• PROBLEM STATEMENT
Exactly the lines starting at the line containing "M f L \<and>" and ending at the line containing "(\<forall>s\<in>S. continuous_on UNIV" are to be written out from the listing below, both included.

DATA TO USE section start

(* Let $S$ be a dense subsemigroup of $((0,\infty),+)$, let $(X,\langle T_s\rangle_{s\in S})$ be a dynamical system and let $x,y\in X$. If $x$ and $y$ are proximal near zero, then there is a minimal left ideal $L$ of $O^{+}(S)$ such that $T_u(x)=T_u(y)$ for all $u\in L$.
   Context: "Dense" means dense in the usual topology of $(0,\infty)$. $\beta S$ is the Stone–Čech compactification of the discrete set $S$ (ultrafilters on $S$), with $+$ extended so that $(\beta S,+)$ is a compact right topological semigroup: $A\in p+q$ iff $\{x\in S:-x+A\in q\}\in p$, where $-x+A=\{y\in S:x+y\in A\}$. $O^{+}(S)=\{p\in\beta S: S\cap(0,\epsilon)\in p\text{ for every }\epsilon>0\}$, a compact right topological subsemigroup of $\beta S$. A dynamical system $(X,\langle T_s\rangle_{s\in S})$ consists of a compact Hausdorff space $X$ and continuous maps $T_s:X\to X$ with $T_s\circ T_t=T_{s+t}$. For $p\in\beta S$, $T_p(x)=p\text{-}\lim_{s\in S}T_s(x)$ (the continuous extension of $s\mapsto T_s$ to $\beta S$ into $X^X$); $T_p\circ T_q=T_{p+q}$. Points $x,y\in X$ are proximal near zero iff for every neighbourhood $U$ of the diagonal in $X\times X$ and every $\epsilon>0$ there exists $s\in S\cap(0,\epsilon)$ with $(T_s(x),T_s(y))\in U$. *)

theory Defs
  imports "HOL-Analysis.Analysis"
begin

definition dense_subsemigroup_pos :: "real set \<Rightarrow> bool" where
  "dense_subsemigroup_pos S \<longleftrightarrow>
     S \<subseteq> {0<..} \<and> (\<forall>s\<in>S. \<forall>t\<in>S. s + t \<in> S) \<and>
     (\<forall>a b. 0 < a \<and> a < b \<longrightarrow> (\<exists>s\<in>S. a < s \<and> s < b))"

definition ultrafilter_on :: "'a set \<Rightarrow> 'a set set \<Rightarrow> bool" where
  "ultrafilter_on S p \<longleftrightarrow>
     (\<forall>A\<in>p. A \<subseteq> S) \<and> S \<in> p \<and> {} \<notin> p \<and>
     (\<forall>A\<in>p. \<forall>B\<in>p. A \<inter> B \<in> p) \<and>
     (\<forall>A B. A \<in> p \<and> A \<subseteq> B \<and> B \<subseteq> S \<longrightarrow> B \<in> p) \<and>
     (\<forall>A. A \<subseteq> S \<longrightarrow> A \<in> p \<or> S - A \<in> p)"

text \<open>The Stone-Cech compactification beta S (as a set of ultrafilters).\<close>
definition betaS :: "'a set \<Rightarrow> 'a set set set" where
  "betaS S = {p. ultrafilter_on S p}"

definition lshift :: "real set \<Rightarrow> real \<Rightarrow> real set \<Rightarrow> real set" where
  "lshift S x A = {y\<in>S. x + y \<in> A}"

definition bplus :: "real set \<Rightarrow> real set set \<Rightarrow> real set set \<Rightarrow> real set set" where
  "bplus S p q = {A. A \<subseteq> S \<and> {x\<in>S. lshift S x A \<in> q} \<in> p}"

definition Oplus :: "real set \<Rightarrow> real set set set" where
  "Oplus S = {p \<in> betaS S. \<forall>\<epsilon>>0. S \<inter> {0<..<\<epsilon>} \<in> p}"

definition left_ideal :: "'b set \<Rightarrow> ('b \<Rightarrow> 'b \<Rightarrow> 'b) \<Rightarrow> 'b set \<Rightarrow> bool" where
  "left_ideal M f L \<longleftrightarrow> L \<noteq> {} \<and> L \<subseteq> M \<and> (\<forall>p\<in>M. \<forall>q\<in>L. f p q \<in> L)"

definition minimal_left_ideal :: "'b set \<Rightarrow> ('b \<Rightarrow> 'b \<Rightarrow> 'b) \<Rightarrow> 'b set \<Rightarrow> bool" where
  "minimal_left_ideal M f L \<longleftrightarrow> left_ideal M f L \<and>
     (\<forall>L'. left_ideal M f L' \<and> L' \<subseteq> L \<longrightarrow> L' = L)"

definition plim :: "'a set \<Rightarrow> 'a set set \<Rightarrow> ('a \<Rightarrow> 'x::topological_space) \<Rightarrow> 'x" where
  "plim S p f = (THE z. \<forall>U. open U \<and> z \<in> U \<longrightarrow> {s\<in>S. f s \<in> U} \<in> p)"

definition Tbeta :: "real set \<Rightarrow> (real \<Rightarrow> 'x \<Rightarrow> 'x::topological_space) \<Rightarrow> real set set \<Rightarrow> 'x \<Rightarrow> 'x" where
  "Tbeta S T p x = plim S p (\<lambda>s. T s x)"

definition dyn_system :: "real set \<Rightarrow> (real \<Rightarrow> 'x \<Rightarrow> 'x::t2_space) \<Rightarrow> bool" where
  "dyn_system S T \<longleftrightarrow> compact (UNIV :: 'x set) \<and>
     (\<forall>s\<in>S. continuous_on UNIV (T s)) \<and>
     (\<forall>s\<in>S. \<forall>t\<in>S. T s \<circ> T t = T (s + t))"

definition diag_nbhd :: "('x::topological_space \<times> 'x) set \<Rightarrow> bool" where
  "diag_nbhd U \<longleftrightarrow> (\<exists>V. open V \<and> (\<forall>z. (z, z) \<in> V) \<and> V \<subseteq> U)"

definition proximal_near_zero :: "real set \<Rightarrow> (real \<Rightarrow> 'x \<Rightarrow> 'x::topological_space) \<Rightarrow> 'x \<Rightarrow> 'x \<Rightarrow> bool" where
  "proximal_near_zero S T x y \<longleftrightarrow>
     (\<forall>U \<epsilon>. diag_nbhd U \<and> \<epsilon> > 0 \<longrightarrow> (\<exists>s\<in>S. 0 < s \<and> s < \<epsilon> \<and> (T s x, T s y) \<in> U))"

end

theory Submission
  imports Defs
begin

text \<open>Proximality near zero says that the sets
  \<open>{s \<in> S \<inter> (0,\<epsilon>). (T\<^sub>s x, T\<^sub>s y) \<in> W}\<close>, for \<open>\<epsilon> > 0\<close> and \<open>W\<close> a neighbourhood of the
  diagonal, have the finite intersection property. An ultrafilter \<open>p\<close> containing all of them lies
  in \<open>O\<^sup>+(S)\<close>, and since the compact Hausdorff space \<open>X\<close> is regular, \<open>T\<^sub>p(x) = T\<^sub>p(y)\<close>.
  As \<open>T\<^sub>q\<^sub>+\<^sub>u = T\<^sub>q \<circ> T\<^sub>u\<close>, all such \<open>u \<in> O\<^sup>+(S)\<close> form a left ideal. Finally every left ideal
  of \<open>O\<^sup>+(S)\<close> contains a minimal one: by compactness and Zorn's lemma it contains a minimal
  closed left ideal, and this is minimal among all left ideals because each principal left ideal
  \<open>O\<^sup>+(S) + v\<close> is closed, right translation being continuous.\<close>

section \<open>Ultrafilters\<close>

lemma ultrafilter_onD:
  assumes "ultrafilter_on S p"
  shows "\<forall>A\<in>p. A \<subseteq> S" "S \<in> p" "{} \<notin> p" "\<forall>A\<in>p. \<forall>B\<in>p. A \<inter> B \<in> p"
    "\<forall>A B. A \<in> p \<and> A \<subseteq> B \<and> B \<subseteq> S \<longrightarrow> B \<in> p"
    "\<forall>A. A \<subseteq> S \<longrightarrow> A \<in> p \<or> S - A \<in> p"
  using assms unfolding ultrafilter_on_def by - (elim conjE, assumption)+

lemma uf_subset: "ultrafilter_on S p \<Longrightarrow> A \<in> p \<Longrightarrow> A \<subseteq> S"
  using ultrafilter_onD(1) by blast

lemma uf_carrier: "ultrafilter_on S p \<Longrightarrow> S \<in> p"
  using ultrafilter_onD(2) by blast

lemma uf_empty: "ultrafilter_on S p \<Longrightarrow> {} \<notin> p"
  using ultrafilter_onD(3) by blast

lemma uf_Int: "ultrafilter_on S p \<Longrightarrow> A \<in> p \<Longrightarrow> B \<in> p \<Longrightarrow> A \<inter> B \<in> p"
  using ultrafilter_onD(4) by blast

lemma uf_upward: "ultrafilter_on S p \<Longrightarrow> A \<in> p \<Longrightarrow> A \<subseteq> B \<Longrightarrow> B \<subseteq> S \<Longrightarrow> B \<in> p"
  using ultrafilter_onD(5) by blast

lemma uf_compl: "ultrafilter_on S p \<Longrightarrow> A \<subseteq> S \<Longrightarrow> A \<in> p \<or> S - A \<in> p"
  using ultrafilter_onD(6) by blast

lemma uf_Diff_iff:
  assumes p: "ultrafilter_on S p" and "A \<subseteq> S"
  shows "S - A \<in> p \<longleftrightarrow> A \<notin> p"
proof
  assume "S - A \<in> p"
  show "A \<notin> p"
  proof
    assume "A \<in> p"
    with \<open>S - A \<in> p\<close> have "A \<inter> (S - A) \<in> p" using uf_Int[OF p] by blast
    then show False using uf_empty[OF p] by simp
  qed
next
  assume "A \<notin> p"
  with uf_compl[OF p \<open>A \<subseteq> S\<close>] show "S - A \<in> p" by blast
qed

lemma uf_finite_Inter:
  assumes p: "ultrafilter_on S p" and "finite F" "F \<subseteq> p"
  shows "S \<inter> \<Inter>F \<in> p"
  using assms(2,3)
proof (induction F rule: finite_induct)
  case empty
  then show ?case using uf_carrier[OF p] by simp
next
  case (insert A F)
  then have "A \<inter> (S \<inter> \<Inter>F) \<in> p" using uf_Int[OF p] by simp
  then show ?case by (simp add: Int_left_commute)
qed

lemma uf_finite_Inter_nonempty:
  "ultrafilter_on S p \<Longrightarrow> finite F \<Longrightarrow> F \<subseteq> p \<Longrightarrow> \<exists>s\<in>S. \<forall>A\<in>F. s \<in> A"
proof -
  assume "ultrafilter_on S p" "finite F" "F \<subseteq> p"
  then have "S \<inter> \<Inter>F \<noteq> {}" using uf_finite_Inter uf_empty by fastforce
  then show ?thesis by blast
qed

lemma uf_eqI:
  assumes p: "ultrafilter_on S p" and q: "ultrafilter_on S q" and "p \<subseteq> q"
  shows "p = q"
proof (rule antisym)
  show "q \<subseteq> p"
  proof
    fix A assume "A \<in> q"
    with q have "A \<subseteq> S" "S - A \<notin> q" by (auto simp: uf_subset uf_Diff_iff)
    with \<open>p \<subseteq> q\<close> p show "A \<in> p" using uf_Diff_iff by blast
  qed
qed fact

definition has_fip :: "'a set \<Rightarrow> 'a set set \<Rightarrow> bool" where
  "has_fip S G \<longleftrightarrow> (\<forall>F. finite F \<and> F \<subseteq> G \<longrightarrow> (\<exists>s\<in>S. \<forall>A\<in>F. s \<in> A))"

DATA TO USE section end

• ANSWER TO THIS EXERCISE
  "minimal_left_ideal M f L \<longleftrightarrow> left_ideal M f L \<and>
     (\<forall>L'. left_ideal M f L' \<and> L' \<subseteq> L \<longrightarrow> L' = L)"

definition plim :: "'a set \<Rightarrow> 'a set set \<Rightarrow> ('a \<Rightarrow> 'x::topological_space) \<Rightarrow> 'x" where
  "plim S p f = (THE z. \<forall>U. open U \<and> z \<in> U \<longrightarrow> {s\<in>S. f s \<in> U} \<in> p)"

definition Tbeta :: "real set \<Rightarrow> (real \<Rightarrow> 'x \<Rightarrow> 'x::topological_space) \<Rightarrow> real set set \<Rightarrow> 'x \<Rightarrow> 'x" where
  "Tbeta S T p x = plim S p (\<lambda>s. T s x)"

definition dyn_system :: "real set \<Rightarrow> (real \<Rightarrow> 'x \<Rightarrow> 'x::t2_space) \<Rightarrow> bool" where
  "dyn_system S T \<longleftrightarrow> compact (UNIV :: 'x set) \<and>
     (\<forall>s\<in>S. continuous_on UNIV (T s)) \<and>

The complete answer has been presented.